Directions for this task: Copy out, exactly, the first line of the entries below and every line after it through the one containing "using gen_in_gen_ideal[OF \<open>l".

Collected data
lemma lead_mon_dvd_initial:
  "j \<le> n \<Longrightarrow> h \<in> gen_ideal j \<Longrightarrow> h \<noteq> 0 \<Longrightarrow> \<exists>l<j. mon_dvd (lead_mon (g l)) (lead_mon h)"
proof (induction j arbitrary: h)
  case 0
  then show ?case by (simp add: ideal_gen_empty)
next
  case (Suc j)
  have j: "j < n" "j \<le> n" using Suc.prems(1) by simp_all
  have "h \<in> ideal_gen (mpolys_in V) (insert (g j) (g ` {..<j}))"
    using Suc.prems(2) by (simp add: lessThan_Suc)
  then obtain c b where cb: "c \<in> mpolys_in V" "b \<in> gen_ideal j" "h = c * g j + b"
    using mpolys_in_0 by (rule ideal_gen_insertE)
  obtain a where a: "a \<in> mpolys_in V" "c - a \<in> gen_ideal j"
    "a = 0 \<or> (\<forall>l<j. \<not> mon_dvd (lead_mon (g l)) (lead_mon a))"
    using reduce_lead_mon[OF j(2) cb(1)] by blast
  define b' where "b' = b + g j * (c - a)"
  have b': "b' \<in> gen_ideal j"
    unfolding b'_def by (rule ideal_gen_add[OF cb(2) ideal_gen_mult[OF a(2) gen_in[OF j(1)]]])
  have h: "h = a * g j + b'" using cb(3) by (simp add: b'_def algebra_simps)
  show ?case
  proof (cases "a = 0")
    case True
    then have "h = b'" using h by simp
    then obtain l where "l < j" "mon_dvd (lead_mon (g l)) (lead_mon h)"
      using Suc.IH[OF j(2) b'] Suc.prems(3) by blast
    then show ?thesis using less_SucI by blast
  next
    case False
    then show ?thesis
      unfolding h using lead_mon_mult_gen_add[OF j(1) False] a(3) Suc.IH[OF j(2) b'] by blast
  qed
qed

lemma ex_lead_mon_dvd_iff:
  "(\<exists>p\<in>gen_ideal n. p \<noteq> 0 \<and> mon_dvd (lead_mon p) \<alpha>) \<longleftrightarrow> (\<exists>l<n. mon_dvd (lead_mon (g l)) \<alpha>)"
proof
  assume "\<exists>p\<in>gen_ideal n. p \<noteq> 0 \<and> mon_dvd (lead_mon p) \<alpha>"
  then show "\<exists>l<n. mon_dvd (lead_mon (g l)) \<alpha>"
    using lead_mon_dvd_initial[OF order.refl] mon_dvd_trans by blast
next
  assume "\<exists>l<n. mon_dvd (lead_mon (g l)) \<alpha>"
  then obtain l where "l < n" "mon_dvd (lead_mon (g l)) \<alpha>" by blast
  moreover have "g l \<in> gen_ideal n"
    using gen_in_gen_ideal[OF \<open>l < n\<close>, of 1] by simp
  ultimately show "\<exists>p\<in>gen_ideal n. p \<noteq> 0 \<and> mon_dvd (lead_mon p) \<alpha>"
    using gen_nonzero by blast
qed

end

definition term_vars :: "nat \<Rightarrow> (nat \<Rightarrow> nat) \<Rightarrow> (nat \<Rightarrow> nat) \<Rightarrow> var set" where
  "term_vars m p f = (\<lambda>i. (f i, i, p i)) ` {..<m}"

definition level_funs :: "nat \<Rightarrow> nat \<Rightarrow> nat \<Rightarrow> (nat \<Rightarrow> nat) set" where
  "level_funs m k l = {f \<in> {..<m} \<rightarrow>\<^sub>E {..<k}. sum f {..<m} = l}"

lemma term_vars_row: "i < m \<Longrightarrow> (a, i, c) \<in> term_vars m p f \<longleftrightarrow> a = f i \<and> c = p i"
  by (auto simp: term_vars_def)

lemma card_term_vars: "card (term_vars m p f) = m"
  unfolding term_vars_def by (subst card_image) (auto intro: inj_onI)

lemma finite_term_vars [simp]: "finite (term_vars m p f)"
  by (simp add: term_vars_def)

lemma term_vars_subset_vars:
  assumes "p permutes {..<m}" "f \<in> level_funs m k l"
  shows "term_vars m p f \<subseteq> vars m k"
  using assms permutes_in_image[OF assms(1)] by (auto simp: term_vars_def level_funs_def vars_def)

lemma finite_level_funs: "finite (level_funs m k l)"
  unfolding level_funs_def by (rule finite_subset[of _ "{..<m} \<rightarrow>\<^sub>E {..<k}"]) (auto intro: finite_PiE)

lemma prod_monom: "finite I \<Longrightarrow> (\<Prod>i\<in>I. monom (c i) (e i)) = monom (\<Prod>i\<in>I. c i) (\<Sum>i\<in>I. e i)"
  by (induction I rule: finite_induct) (auto simp: mult_monom)

lemma prod_single_one:
  "finite I \<Longrightarrow> (\<Prod>i\<in>I. Poly_Mapping.single (a i) (1::'b::comm_semiring_1)) = Poly_Mapping.single (\<Sum>i\<in>I. a i) 1"
  by (induction I rule: finite_induct) (auto simp: mult_single)

lemma prod_Var_term_vars:
  "(\<Prod>i<m. Var (f i, i, p i)) = Poly_Mapping.single (sqfree_mon (term_vars m p f)) (1::'a::comm_ring_1)"
proof -
  have "sqfree_mon (term_vars m p f) = (\<Sum>i<m. Poly_Mapping.single (f i, i, p i) 1)"
    unfolding sqfree_mon_def term_vars_def by (subst sum.reindex) (auto intro: inj_onI)
  then show ?thesis by (simp add: Var_def prod_single_one)
qed

lemma det_Xt:
  "det (Xt m k :: 'a::comm_ring_1 mpoly poly mat) =
    (\<Sum>p | p permutes {..<m}. signof p * (\<Prod>i<m. xt k i (p i)))"
proof -
  have "det (Xt m k :: 'a mpoly poly mat) =
      (\<Sum>p | p permutes {0..<m}. signof p * (\<Prod>i=0..<m. Xt m k $$ (i, p i)))"
    by (rule det_def') (simp add: Xt_def)
  also have "\<dots> = (\<Sum>p | p permutes {..<m}. signof p * (\<Prod>i<m. xt k i (p i)))"
  proof (rule sum.cong)
    show "{p. p permutes {0..<m}} = {p. p permutes {..<m}}" by (simp add: atLeast0LessThan)
  next
    fix p assume "p \<in> {p. p permutes {..<m}}"
    then have "Xt m k $$ (i, p i) = (xt k i (p i) :: 'a mpoly poly)" if "i < m" for i
      using that permutes_in_image[of p "{..<m}" i] by (simp add: Xt_def)
    then show "signof p * (\<Prod>i=0..<m. Xt m k $$ (i, p i)) = signof p * (\<Prod>i<m. xt k i (p i) :: 'a mpoly poly)"
      unfolding atLeast0LessThan by (intro arg_cong[where f = "(*) (signof p)"] prod.cong) simp_all
  qed
  finally show ?thesis .
qed

lemma coeff_det_Xt:
  "coeff (det (Xt m k)) l =
    (\<Sum>(p, f) \<in> {p. p permutes {..<m}} \<times> level_funs m k l.
      Poly_Mapping.single (sqfree_mon (term_vars m p f)) (of_int (sign p) :: 'a::comm_ring_1))"
proof -
  have coeff_prod: "coeff (\<Prod>i<m. xt k i (p i) :: 'a mpoly poly) l =
      (\<Sum>f\<in>level_funs m k l. Poly_Mapping.single (sqfree_mon (term_vars m p f)) 1)" for p :: "nat \<Rightarrow> nat"
  proof -
    have "(\<Prod>i<m. xt k i (p i) :: 'a mpoly poly) =
        (\<Sum>f\<in>{..<m} \<rightarrow>\<^sub>E {..<k}. \<Prod>i<m. monom (Var (f i, i, p i)) (f i))"
      unfolding xt_def by (rule prod_sum_PiE) auto
    also have "\<dots> = (\<Sum>f\<in>{..<m} \<rightarrow>\<^sub>E {..<k}.
        monom (Poly_Mapping.single (sqfree_mon (term_vars m p f)) 1) (sum f {..<m}))"
      by (simp add: prod_monom prod_Var_term_vars)
    finally show ?thesis
      unfolding level_funs_def by (simp add: coeff_sum sum.inter_filter finite_PiE)
  qed
  have sign_single: "of_int (sign p) * Poly_Mapping.single \<alpha> (1::'a) = Poly_Mapping.single \<alpha> (of_int (sign p))"
    for p :: "nat \<Rightarrow> nat" and \<alpha> :: monomial
    by (metis mult_single single_of_int add_0 mult.right_neutral)
  have "coeff (det (Xt m k)) l = (\<Sum>p | p permutes {..<m}. of_int (sign p) * coeff (\<Prod>i<m. xt k i (p i) :: 'a mpoly poly) l)"
    by (simp add: det_Xt coeff_sum of_int_poly)
  also have "\<dots> = (\<Sum>p | p permutes {..<m}. \<Sum>f\<in>level_funs m k l.
      Poly_Mapping.single (sqfree_mon (term_vars m p f)) (of_int (sign p)))"
    by (simp add: coeff_prod sum_distrib_left sign_single)
  also have "\<dots> = (\<Sum>(p, f) \<in> {p. p permutes {..<m}} \<times> level_funs m k l.
      Poly_Mapping.single (sqfree_mon (term_vars m p f)) (of_int (sign p)))"
    by (rule sum.cartesian_product)
  finally show ?thesis .
qed

section \<open>The leading monomials of the coefficients\<close>

text \<open>With \<open>s = l + i\<close>, row \<open>i\<close> of the leading monomial of the coefficient of \<open>t^l\<close> carries
  the variable \<open>x^(s div m)_(i, m - 1 - s mod m)\<close>: the first \<open>m - l mod m\<close> rows sit at level
  \<open>l div m\<close>, the remaining rows one level higher, and both blocks run along anti-diagonals.\<close>

definition lead_level :: "nat \<Rightarrow> nat \<Rightarrow> nat \<Rightarrow> nat" where
  "lead_level m l = (\<lambda>i\<in>{..<m}. (l + i) div m)"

Task result:
lemma lead_mon_dvd_initial:
  "j \<le> n \<Longrightarrow> h \<in> gen_ideal j \<Longrightarrow> h \<noteq> 0 \<Longrightarrow> \<exists>l<j. mon_dvd (lead_mon (g l)) (lead_mon h)"
proof (induction j arbitrary: h)
  case 0
  then show ?case by (simp add: ideal_gen_empty)
next
  case (Suc j)
  have j: "j < n" "j \<le> n" using Suc.prems(1) by simp_all
  have "h \<in> ideal_gen (mpolys_in V) (insert (g j) (g ` {..<j}))"
    using Suc.prems(2) by (simp add: lessThan_Suc)
  then obtain c b where cb: "c \<in> mpolys_in V" "b \<in> gen_ideal j" "h = c * g j + b"
    using mpolys_in_0 by (rule ideal_gen_insertE)
  obtain a where a: "a \<in> mpolys_in V" "c - a \<in> gen_ideal j"
    "a = 0 \<or> (\<forall>l<j. \<not> mon_dvd (lead_mon (g l)) (lead_mon a))"
    using reduce_lead_mon[OF j(2) cb(1)] by blast
  define b' where "b' = b + g j * (c - a)"
  have b': "b' \<in> gen_ideal j"
    unfolding b'_def by (rule ideal_gen_add[OF cb(2) ideal_gen_mult[OF a(2) gen_in[OF j(1)]]])
  have h: "h = a * g j + b'" using cb(3) by (simp add: b'_def algebra_simps)
  show ?case
  proof (cases "a = 0")
    case True
    then have "h = b'" using h by simp
    then obtain l where "l < j" "mon_dvd (lead_mon (g l)) (lead_mon h)"
      using Suc.IH[OF j(2) b'] Suc.prems(3) by blast
    then show ?thesis using less_SucI by blast
  next
    case False
    then show ?thesis
      unfolding h using lead_mon_mult_gen_add[OF j(1) False] a(3) Suc.IH[OF j(2) b'] by blast
  qed
qed

lemma ex_lead_mon_dvd_iff:
  "(\<exists>p\<in>gen_ideal n. p \<noteq> 0 \<and> mon_dvd (lead_mon p) \<alpha>) \<longleftrightarrow> (\<exists>l<n. mon_dvd (lead_mon (g l)) \<alpha>)"
proof
  assume "\<exists>p\<in>gen_ideal n. p \<noteq> 0 \<and> mon_dvd (lead_mon p) \<alpha>"
  then show "\<exists>l<n. mon_dvd (lead_mon (g l)) \<alpha>"
    using lead_mon_dvd_initial[OF order.refl] mon_dvd_trans by blast
next
  assume "\<exists>l<n. mon_dvd (lead_mon (g l)) \<alpha>"
  then obtain l where "l < n" "mon_dvd (lead_mon (g l)) \<alpha>" by blast
  moreover have "g l \<in> gen_ideal n"
    using gen_in_gen_ideal[OF \<open>l < n\<close>, of 1] by simp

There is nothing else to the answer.